(Task requirements) From the entries below, extract every line that includes the word "psdH".

______

lemma richardson_contraction:
  fixes H P :: "real^'n^'n"
  assumes sH: "transpose H = H" and psdH: "\<And>x. 0 \<le> x \<bullet> (H *v x)" and invH: "invertible H"
  shows "(e - P *v (H *v e)) \<bullet> (H *v (e - P *v (H *v e)))
    \<le> (spec_norm H * spec_norm (P - matrix_inv H))\<^sup>2 * (e \<bullet> (H *v e))"
proof -
  define w where "w = H *v e"
  define d where "d = (P - matrix_inv H) *v w"
  have "e - P *v (H *v e) = - d"
    using matrix_inv_mult_vector(2)[OF invH] by (simp add: d_def w_def matrix_vector_mult_diff_rdistrib)
  then have "(e - P *v (H *v e)) \<bullet> (H *v (e - P *v (H *v e))) = d \<bullet> (H *v d)"
    using quadratic_form_uminus[where H = H and v = d] by simp
  also have "\<dots> \<le> spec_norm H * (norm d)\<^sup>2"
    by (simp add: quadratic_form_le_spec_norm power2_norm_eq_inner)
  also have "\<dots> \<le> spec_norm H * (spec_norm (P - matrix_inv H) * norm w)\<^sup>2"
    unfolding d_def
    by (intro mult_left_mono power_mono norm_matrix_vector_le_spec_norm) (simp_all add: spec_norm_nonneg)
  also have "\<dots> = spec_norm H * ((spec_norm (P - matrix_inv H))\<^sup>2 * (norm w)\<^sup>2)"
    by (simp add: power_mult_distrib)
  also have "\<dots> \<le> spec_norm H * ((spec_norm (P - matrix_inv H))\<^sup>2 * (spec_norm H * (e \<bullet> (H *v e))))"
    using norm_matrix_vector_squared_le[OF sH psdH quadratic_form_le_spec_norm spec_norm_nonneg, where u = e]
    by (intro mult_left_mono) (simp_all add: w_def spec_norm_nonneg)
  finally show ?thesis
    by (simp add: power2_eq_square mult_ac)
qed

______

(Exercise solution)
  assumes sH: "transpose H = H" and psdH: "\<And>x. 0 \<le> x \<bullet> (H *v x)" and invH: "invertible H"
    using norm_matrix_vector_squared_le[OF sH psdH quadratic_form_le_spec_norm spec_norm_nonneg, where u = e]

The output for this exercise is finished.